INSTRUCTIONS TO FOLLOW: Everything from the first line of the records below through the line containing "finite (supp p)" is to be retyped exactly; leave out the rest.

DATASET RECORDS:
(* Let $R$ be a semifield, $\phi:\underline n\to\underline m$ a surjective map of sets, $(X_j)_{j\in\underline m}$ and $(Y_i)_{i\in\underline n}$ families of $R$-convex sets, and for each $j\in\underline m$ let $f_j:\prod_{i\in\phi^{-1}(j)}Y_i\to X_j$ be a $|\phi^{-1}(j)|$-convex map. Then there is a unique convex map $F:\bigotimes_{i\in\underline n}Y_i\to\bigotimes_{j\in\underline m}X_j$ such that $F\circ U_{(Y_i)}=U_{(X_j)}\circ\prod_jf_j$, where $\prod_jf_j:\prod_{i\in\underline n}Y_i\to\prod_{j\in\underline m}X_j$ sends $(y_i)_i$ to $(f_j((y_i)_{i\in\phi^{-1}(j)}))_j$.
   Context: A semifield is a commutative semiring in which every nonzero element is invertible. $D_R$ is the monad on $\mathsf{Set}$ of finitely supported $R$-valued distributions summing to $1$; $R$-convex sets are $D_R$-algebras, convex maps are algebra maps. $\underline n=\{1,\dots,n\}$. A map $\prod_{i\in S}A_i\to Z$ from a product of convex sets is $|S|$-convex if it is convex in each variable separately. $\bigotimes_{i\in\underline n}Y_i$ is the quotient of $D_R(\prod_iY_i)$ by the smallest convex equivalence relation containing $1\bullet(\sum_{k_i}\alpha^i_{k_i}y^i_{k_i})_{i}\sim\sum_{(k_1,\dots,k_n)}\alpha^1_{k_1}\cdots\alpha^n_{k_n}\bullet(y^1_{k_1},\dots,y^n_{k_n})$; $U_{(Y_i)}:\prod_iY_i\to\bigotimes_iY_i$ sends $(y_1,\dots,y_n)$ to $y_1\otimes\cdots\otimes y_n$, the class of $1\bullet(y_1,\dots,y_n)$. This map is $n$-convex and every $n$-convex map out of $\prod_iY_i$ factors uniquely through it by a convex map. *)

theory Defs
  imports "HOL-Library.FuncSet"
begin

definition supp :: "('a \<Rightarrow> 'r::zero) \<Rightarrow> 'a set" where
  "supp p = {x. p x \<noteq> 0}"

definition fsdist :: "'a set \<Rightarrow> ('a \<Rightarrow> 'r::comm_semiring_1) set" where
  "fsdist X = {p. finite (supp p) \<and> supp p \<subseteq> X \<and> sum p (supp p) = 1}"

definition delta :: "'a \<Rightarrow> ('a \<Rightarrow> 'r::comm_semiring_1)" where
  "delta x = (\<lambda>y. if y = x then 1 else 0)"

definition Dmap :: "('a \<Rightarrow> 'b) \<Rightarrow> ('a \<Rightarrow> 'r::comm_semiring_1) \<Rightarrow> ('b \<Rightarrow> 'r)" where
  "Dmap f p = (\<lambda>y. sum p {x \<in> supp p. f x = y})"

definition Dmult :: "(('a \<Rightarrow> 'r::comm_semiring_1) \<Rightarrow> 'r) \<Rightarrow> ('a \<Rightarrow> 'r)" where
  "Dmult P = (\<lambda>x. sum (\<lambda>q. P q * q x) (supp P))"

definition convex_set :: "'a set \<Rightarrow> (('a \<Rightarrow> 'r::comm_semiring_1) \<Rightarrow> 'a) \<Rightarrow> bool" where
  "convex_set X a \<longleftrightarrow>
     (\<forall>p\<in>fsdist X. a p \<in> X) \<and>
     (\<forall>x\<in>X. a (delta x) = x) \<and>
     (\<forall>P\<in>fsdist (fsdist X). a (Dmap a P) = a (Dmult P))"

definition convex_map :: "'a set \<Rightarrow> (('a \<Rightarrow> 'r::comm_semiring_1) \<Rightarrow> 'a)
     \<Rightarrow> 'b set \<Rightarrow> (('b \<Rightarrow> 'r) \<Rightarrow> 'b) \<Rightarrow> ('a \<Rightarrow> 'b) \<Rightarrow> bool" where
  "convex_map X a Z b f \<longleftrightarrow>
     (\<forall>x\<in>X. f x \<in> Z) \<and> (\<forall>p\<in>fsdist X. f (a p) = b (Dmap f p))"

definition multiconvex :: "'i set \<Rightarrow> ('i \<Rightarrow> 'b set) \<Rightarrow> ('i \<Rightarrow> ('b \<Rightarrow> 'r::comm_semiring_1) \<Rightarrow> 'b)
     \<Rightarrow> 'a set \<Rightarrow> (('a \<Rightarrow> 'r) \<Rightarrow> 'a) \<Rightarrow> (('i \<Rightarrow> 'b) \<Rightarrow> 'a) \<Rightarrow> bool" where
  "multiconvex I Y alg Z b f \<longleftrightarrow>
     (\<forall>y\<in>PiE I Y. f y \<in> Z) \<and>
     (\<forall>i\<in>I. \<forall>y\<in>PiE I Y. convex_map (Y i) (alg i) Z b (\<lambda>t. f (y(i := t))))"

definition convex_equiv :: "'a set \<Rightarrow> (('a \<Rightarrow> 'r::comm_semiring_1) \<Rightarrow> 'a) \<Rightarrow> ('a \<times> 'a) set \<Rightarrow> bool" where
  "convex_equiv A a E \<longleftrightarrow> equiv A E \<and>
     (\<forall>p\<in>fsdist E. (a (Dmap fst p), a (Dmap snd p)) \<in> E)"

definition quot_alg :: "('a \<times> 'a) set \<Rightarrow> (('a \<Rightarrow> 'r::comm_semiring_1) \<Rightarrow> 'a)
     \<Rightarrow> (('a set \<Rightarrow> 'r) \<Rightarrow> 'a set)" where
  "quot_alg E a Q = E `` {a (Dmap (\<lambda>c. SOME x. x \<in> c) Q)}"

definition prod_dist :: "'i set \<Rightarrow> ('i \<Rightarrow> 'b \<Rightarrow> 'r::comm_semiring_1) \<Rightarrow> ('i \<Rightarrow> 'b) \<Rightarrow> 'r" where
  "prod_dist I p = (\<lambda>y. if y \<in> extensional I then (\<Prod>i\<in>I. p i (y i)) else 0)"

text \<open>Generating relation:
  1\<bullet>(\<Sum>_k \<alpha>^i_k y^i_k)_i  ~  \<Sum>_{(k_i)} \<alpha>^1_{k_1}\<cdots>\<alpha>^n_{k_n}\<bullet>(y^1_{k_1},...,y^n_{k_n}).\<close>
definition tensor_gen :: "'i set \<Rightarrow> ('i \<Rightarrow> 'b set) \<Rightarrow> ('i \<Rightarrow> ('b \<Rightarrow> 'r::comm_semiring_1) \<Rightarrow> 'b)
     \<Rightarrow> ((('i \<Rightarrow> 'b) \<Rightarrow> 'r) \<times> (('i \<Rightarrow> 'b) \<Rightarrow> 'r)) set" where
  "tensor_gen I Y alg =
     {(delta (\<lambda>i\<in>I. alg i (p i)), prod_dist I p) | p. \<forall>i\<in>I. p i \<in> fsdist (Y i)}"

definition tensor_rel :: "'i set \<Rightarrow> ('i \<Rightarrow> 'b set) \<Rightarrow> ('i \<Rightarrow> ('b \<Rightarrow> 'r::comm_semiring_1) \<Rightarrow> 'b)
     \<Rightarrow> ((('i \<Rightarrow> 'b) \<Rightarrow> 'r) \<times> (('i \<Rightarrow> 'b) \<Rightarrow> 'r)) set" where
  "tensor_rel I Y alg =
     \<Inter>{E. convex_equiv (fsdist (PiE I Y)) Dmult E \<and> tensor_gen I Y alg \<subseteq> E}"

definition tensor_carrier :: "'i set \<Rightarrow> ('i \<Rightarrow> 'b set) \<Rightarrow> ('i \<Rightarrow> ('b \<Rightarrow> 'r::comm_semiring_1) \<Rightarrow> 'b)
     \<Rightarrow> (('i \<Rightarrow> 'b) \<Rightarrow> 'r) set set" where
  "tensor_carrier I Y alg = fsdist (PiE I Y) // tensor_rel I Y alg"

definition tensor_alg :: "'i set \<Rightarrow> ('i \<Rightarrow> 'b set) \<Rightarrow> ('i \<Rightarrow> ('b \<Rightarrow> 'r::comm_semiring_1) \<Rightarrow> 'b)
     \<Rightarrow> (((('i \<Rightarrow> 'b) \<Rightarrow> 'r) set \<Rightarrow> 'r) \<Rightarrow> (('i \<Rightarrow> 'b) \<Rightarrow> 'r) set)" where
  "tensor_alg I Y alg = quot_alg (tensor_rel I Y alg) Dmult"

text \<open>U_{(Y_i)}: (y_i)_i \<mapsto> y_1 \<otimes> ... \<otimes> y_n, the class of 1\<bullet>(y_1,...,y_n).\<close>
definition tensor_unit :: "'i set \<Rightarrow> ('i \<Rightarrow> 'b set) \<Rightarrow> ('i \<Rightarrow> ('b \<Rightarrow> 'r::comm_semiring_1) \<Rightarrow> 'b)
     \<Rightarrow> ('i \<Rightarrow> 'b) \<Rightarrow> (('i \<Rightarrow> 'b) \<Rightarrow> 'r) set" where
  "tensor_unit I Y alg y = tensor_rel I Y alg `` {delta y}"

end

theory Submission
  imports Defs
begin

SOLUTION TO THE PROBLEM:
(* Let $R$ be a semifield, $\phi:\underline n\to\underline m$ a surjective map of sets, $(X_j)_{j\in\underline m}$ and $(Y_i)_{i\in\underline n}$ families of $R$-convex sets, and for each $j\in\underline m$ let $f_j:\prod_{i\in\phi^{-1}(j)}Y_i\to X_j$ be a $|\phi^{-1}(j)|$-convex map. Then there is a unique convex map $F:\bigotimes_{i\in\underline n}Y_i\to\bigotimes_{j\in\underline m}X_j$ such that $F\circ U_{(Y_i)}=U_{(X_j)}\circ\prod_jf_j$, where $\prod_jf_j:\prod_{i\in\underline n}Y_i\to\prod_{j\in\underline m}X_j$ sends $(y_i)_i$ to $(f_j((y_i)_{i\in\phi^{-1}(j)}))_j$.
   Context: A semifield is a commutative semiring in which every nonzero element is invertible. $D_R$ is the monad on $\mathsf{Set}$ of finitely supported $R$-valued distributions summing to $1$; $R$-convex sets are $D_R$-algebras, convex maps are algebra maps. $\underline n=\{1,\dots,n\}$. A map $\prod_{i\in S}A_i\to Z$ from a product of convex sets is $|S|$-convex if it is convex in each variable separately. $\bigotimes_{i\in\underline n}Y_i$ is the quotient of $D_R(\prod_iY_i)$ by the smallest convex equivalence relation containing $1\bullet(\sum_{k_i}\alpha^i_{k_i}y^i_{k_i})_{i}\sim\sum_{(k_1,\dots,k_n)}\alpha^1_{k_1}\cdots\alpha^n_{k_n}\bullet(y^1_{k_1},\dots,y^n_{k_n})$; $U_{(Y_i)}:\prod_iY_i\to\bigotimes_iY_i$ sends $(y_1,\dots,y_n)$ to $y_1\otimes\cdots\otimes y_n$, the class of $1\bullet(y_1,\dots,y_n)$. This map is $n$-convex and every $n$-convex map out of $\prod_iY_i$ factors uniquely through it by a convex map. *)

theory Defs
  imports "HOL-Library.FuncSet"
begin

definition supp :: "('a \<Rightarrow> 'r::zero) \<Rightarrow> 'a set" where
  "supp p = {x. p x \<noteq> 0}"

definition fsdist :: "'a set \<Rightarrow> ('a \<Rightarrow> 'r::comm_semiring_1) set" where
  "fsdist X = {p. finite (supp p) \<and> supp p \<subseteq> X \<and> sum p (supp p) = 1}"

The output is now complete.